General Observations

  1. As noted the last time I ran this benchmark, VACUUM is significantly slower in Spark. On the odd chance that you aren’t using Deletion Vectors in Fabric, you could use the Delta-rs library to vacuum your tables.
  2. OPTIMIZE is generally faster via Delta-rs. The reason for this is primarily that the Native Execution Engine doesn’t support the entire compaction code path and results in two fallbacks to execution on the JVM. I anticipate this will get much faster once we ship support for this code path.
  3. In all benchmarks where Polars didn’t run into OOM before getting to the ad-hoc query test, it was consistently the fastest engine at this aggregative query.
  4. Spark was the only engine to complete the entire battery of benchmark scenarios with not a single out-of-memory exception. This is the result of the Native Execution Engine’s highly efficient use of columnar memory, outside the JVM. Where JVM memory is needed for any fallbacks (i.e., when running OPTIMIZE), memory is dynamically allocated between on-heap and off-heap as needed.
  5. Spark consistently sees greater relative improvement in execution time via adding more compute as compared to the other engines. Daft got slower at 1.2GB scale going from 4 to 8-vCores and also got slower at the 12.7GB scale going from 16 to 32-vCores.
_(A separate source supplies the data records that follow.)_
lemma continuous_on_gauss_moment:
  fixes p :: "'c::metric_space \<Rightarrow> 'a" and q :: "'c \<Rightarrow> real"
  assumes "compact \<Theta>" "continuous_on \<Theta> p" "continuous_on \<Theta> q"
  shows "continuous_on \<Theta> (\<lambda>t. gauss_moment M (p t) (q t))"
  using continuous_on_gauss_integral[OF assms, of "\<lambda>d. d"] by (simp add: gauss_moment_def)

lemma continuous_on_F_fun:
  assumes "0 < a" "compact C"
  shows "continuous_on (C \<times> {a..b}) (\<lambda>t. F_fun \<rho> M (fst t) (snd t))"
proof -
  have \<Theta>: "compact (C \<times> {a..b})"
    using assms(2) by (intro compact_Times) auto
  have pos: "snd t \<noteq> 0" if "t \<in> C \<times> {a..b}" for t
    using that assms(1) by auto
  have "continuous_on (C \<times> {a..b}) (\<lambda>t. - (1 / (2 * (snd t)\<^sup>2)) * gauss_moment M (fst t) (1 / (2 * (snd t)\<^sup>2))
      / gauss_mass M (fst t) (1 / (2 * (snd t)\<^sup>2)) - ln (gauss_mass M (fst t) (1 / (2 * (snd t)\<^sup>2))) + ln \<rho>)"
    using gauss_mass_pos pos
    by (intro continuous_intros continuous_on_gauss_mass continuous_on_gauss_moment \<Theta>)
       (auto simp: less_imp_neq[symmetric])
  then show ?thesis
    by (rule continuous_on_eq)
       (use pos in \<open>simp add: F_fun_eq_gauss_neg_entropy gauss_neg_entropy_def gauss_mean_def\<close>)
qed

lemma continuous_on_F_fun_at:
  assumes "0 < s" "compact C"
  shows "continuous_on C (\<lambda>y. F_fun \<rho> M y s)"
proof -
  have "continuous_on C (\<lambda>y. (\<lambda>t. F_fun \<rho> M (fst t) (snd t)) (y, s))"
    by (rule continuous_on_compose2[OF continuous_on_F_fun[OF assms, of s \<rho>]])
       (auto intro!: continuous_intros)
  then show ?thesis
    by simp
qed

lemma continuous_on_F_fun_sigma:
  assumes "0 < a"
  shows "continuous_on {a..b} (F_fun \<rho> M x)"
proof -
  have "continuous_on {a..b} (\<lambda>s. (\<lambda>t. F_fun \<rho> M (fst t) (snd t)) (x, s))"
    by (rule continuous_on_compose2[OF continuous_on_F_fun[OF assms, of "{x}" b \<rho>]])
       (auto intro!: continuous_intros)
  then show ?thesis
    by simp
qed

lemma eventually_average_close_of_net:
  fixes H :: "'c \<times> 'a \<Rightarrow> real"
  assumes xs: "\<forall>j. xs j \<in> K" and H: "\<And>t. t \<in> \<Theta> \<Longrightarrow> continuous_on UNIV (\<lambda>z. H (t, z))"
    and T: "finite T" "T \<subseteq> \<Theta>" "\<forall>t\<in>\<Theta>. \<exists>t'\<in>T. \<forall>z\<in>K. \<bar>H (t, z) - H (t', z)\<bar> < \<eta>"
    and \<eta>: "0 < \<eta>" and lim: "\<forall>t\<in>T. (\<lambda>n. (\<Sum>j<n. H (t, xs j)) / n) \<longlonglongrightarrow> (\<integral>z. H (t, z) \<partial>M)"
  shows "\<forall>\<^sub>F n in sequentially. \<forall>t\<in>\<Theta>. \<bar>(\<Sum>j<n. H (t, xs j)) / n - (\<integral>z. H (t, z) \<partial>M)\<bar> < 3 * \<eta>"
proof -
  have "\<forall>t'\<in>T. \<forall>\<^sub>F n in sequentially. dist ((\<Sum>j<n. H (t', xs j)) / n) (\<integral>z. H (t', z) \<partial>M) < \<eta>"
  proof
    fix t' assume "t' \<in> T"
    show "\<forall>\<^sub>F n in sequentially. dist ((\<Sum>j<n. H (t', xs j)) / n) (\<integral>z. H (t', z) \<partial>M) < \<eta>"
      by (rule tendstoD[OF lim[rule_format, OF \<open>t' \<in> T\<close>] \<eta>])
  qed
  then have "\<forall>\<^sub>F n in sequentially. \<forall>t'\<in>T. dist ((\<Sum>j<n. H (t', xs j)) / n) (\<integral>z. H (t', z) \<partial>M) < \<eta>"
    by (rule eventually_ball_finite[OF T(1)])
  with eventually_gt_at_top[of 0]
  show ?thesis
  proof eventually_elim
    case (elim n)
    show ?case
    proof
      fix t assume t: "t \<in> \<Theta>"
      then obtain t' where t': "t' \<in> T" "\<forall>z\<in>K. \<bar>H (t, z) - H (t', z)\<bar> \<le> \<eta>"
        using T(3) by (meson less_imp_le)
      have "\<bar>(\<Sum>j<n. H (t, xs j)) / n - (\<Sum>j<n. H (t', xs j)) / n\<bar> \<le> \<eta>"
        using t'(2) xs elim(1) by (intro abs_average_diff_le) auto
      moreover have "\<bar>(\<integral>z. H (t, z) \<partial>M) - (\<integral>z. H (t', z) \<partial>M)\<bar> \<le> \<eta>"
        using t' T(2) t by (intro abs_integral_diff_le H) auto
      moreover have "\<bar>(\<Sum>j<n. H (t', xs j)) / n - (\<integral>z. H (t', z) \<partial>M)\<bar> < \<eta>"
        using elim(2) t'(1) by (auto simp: dist_real_def)
      ultimately show "\<bar>(\<Sum>j<n. H (t, xs j)) / n - (\<integral>z. H (t, z) \<partial>M)\<bar> < 3 * \<eta>"
        by linarith
    qed
  qed
qed

lemma uniform_limit_F_fun:
  assumes C: "compact C" and a: "0 < a"
    and N: "\<forall>\<^sub>F n in sequentially. compactly_supported_prob_space (N n) K"
    and Z: "uniform_limit (C \<times> {a..b}) (\<lambda>n t. gauss_mass (N n) (fst t) (1 / (2 * (snd t)\<^sup>2)))
              (\<lambda>t. gauss_mass M (fst t) (1 / (2 * (snd t)\<^sup>2))) sequentially"
    and A: "uniform_limit (C \<times> {a..b}) (\<lambda>n t. gauss_moment (N n) (fst t) (1 / (2 * (snd t)\<^sup>2)))
              (\<lambda>t. gauss_moment M (fst t) (1 / (2 * (snd t)\<^sup>2))) sequentially"
  shows "uniform_limit (C \<times> {a..b}) (\<lambda>n t. F_fun \<rho> (N n) (fst t) (snd t))
           (\<lambda>t. F_fun \<rho> M (fst t) (snd t)) sequentially"
proof -
  obtain R where R: "\<forall>x\<in>C. \<forall>z\<in>K. norm (x - z) \<le> R"
    using support_dist_bounded[OF compact_imp_bounded[OF C]] by blast
  define Q where "Q = {exp (- R\<^sup>2 / (2 * a\<^sup>2))..1} \<times> {0..R\<^sup>2} \<times> {a..b}"
  have in_Q: "kernel_stats L t \<in> Q" if "compactly_supported_prob_space L K" "t \<in> C \<times> {a..b}" for L t
    using compactly_supported_prob_space.kernel_stats_bounds[OF that(1), of t R a] R that(2) a
    by (force simp: Q_def)
  have "continuous_on Q (F_of_stats \<rho>)"
    unfolding F_of_stats_def Q_def using a
    by (auto simp: case_prod_beta less_eq_real_def intro!: continuous_intros)
  then have uc: "uniformly_continuous_on Q (F_of_stats \<rho>)"
    by (intro compact_uniformly_continuous) (auto simp: Q_def intro!: compact_Times)
  have "uniform_limit (C \<times> {a..b}) (\<lambda>n. kernel_stats (N n)) (kernel_stats M) sequentially"
    unfolding kernel_stats_def
    by (rule uniform_limit_Pair[OF Z uniform_limit_Pair[OF A uniform_limit_const[where c = "\<lambda>t. snd t"]]])
  moreover have "\<forall>\<^sub>F n in sequentially. \<forall>t\<in>C \<times> {a..b}. kernel_stats (N n) t \<in> Q"
    using N by eventually_elim (use in_Q in blast)
  moreover have "closed Q"
    by (auto simp: Q_def intro!: closed_Times)
  ultimately have lim: "uniform_limit (C \<times> {a..b}) (\<lambda>n t. F_of_stats \<rho> (kernel_stats (N n) t))
      (\<lambda>t. F_of_stats \<rho> (kernel_stats M t)) sequentially"
    using uniform_limit_compose_uniformly_continuous_on[OF _ uc] by blast
  have "\<forall>\<^sub>F n in sequentially. \<forall>t\<in>C \<times> {a..b}. F_fun \<rho> (N n) (fst t) (snd t) = F_of_stats \<rho> (kernel_stats (N n) t)"
    using N
  proof eventually_elim
    case (elim n)
    show ?case
      using compactly_supported_prob_space.F_fun_eq_F_of_stats[OF elim] a by fastforce
  qed
  moreover have "F_fun \<rho> M (fst t) (snd t) = F_of_stats \<rho> (kernel_stats M t)" if "t \<in> C \<times> {a..b}" for t
    using that a by (intro F_fun_eq_F_of_stats) auto
  ultimately show ?thesis
    using lim by (rule uniform_limit_cong[THEN iffD2])
qed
Which Engine Gained the Most Ground Since December ‘24?

While all engines got much faster, Fabric Spark with the Native Execution Engine saw the greatest performance gains relative to December ‘24 (between 1.6x-2x faster depending on the data scale and cluster config). Spark increased its advantage over single-machine engines at the 12.7GB scale while also getting even more competitive at the 1.2GB scale.

So Is It Time to Ditch Spark?

Unless your data is around 100MB compressed, you don’t project growth up to 1GB in the next couple of years, and you are okay with trailing Delta lake compatibility (no support for Deletion Vectors), I’d say it’s a hard no to give up on Spark anytime soon. While DuckDB, Polars, and Daft all leverage columnar memory and vectorized execution via either C++ or Rust implementations, Fabric Spark with the Native Execution Engine (via Velox and Apache Gluten) does as well. And guess what? There’s plenty of additional optimizations still planned for Fabric Spark and the Native Execution Engine that will continue to improve performance in the coming year. I look forward to seeing where things stand in 2026 😁.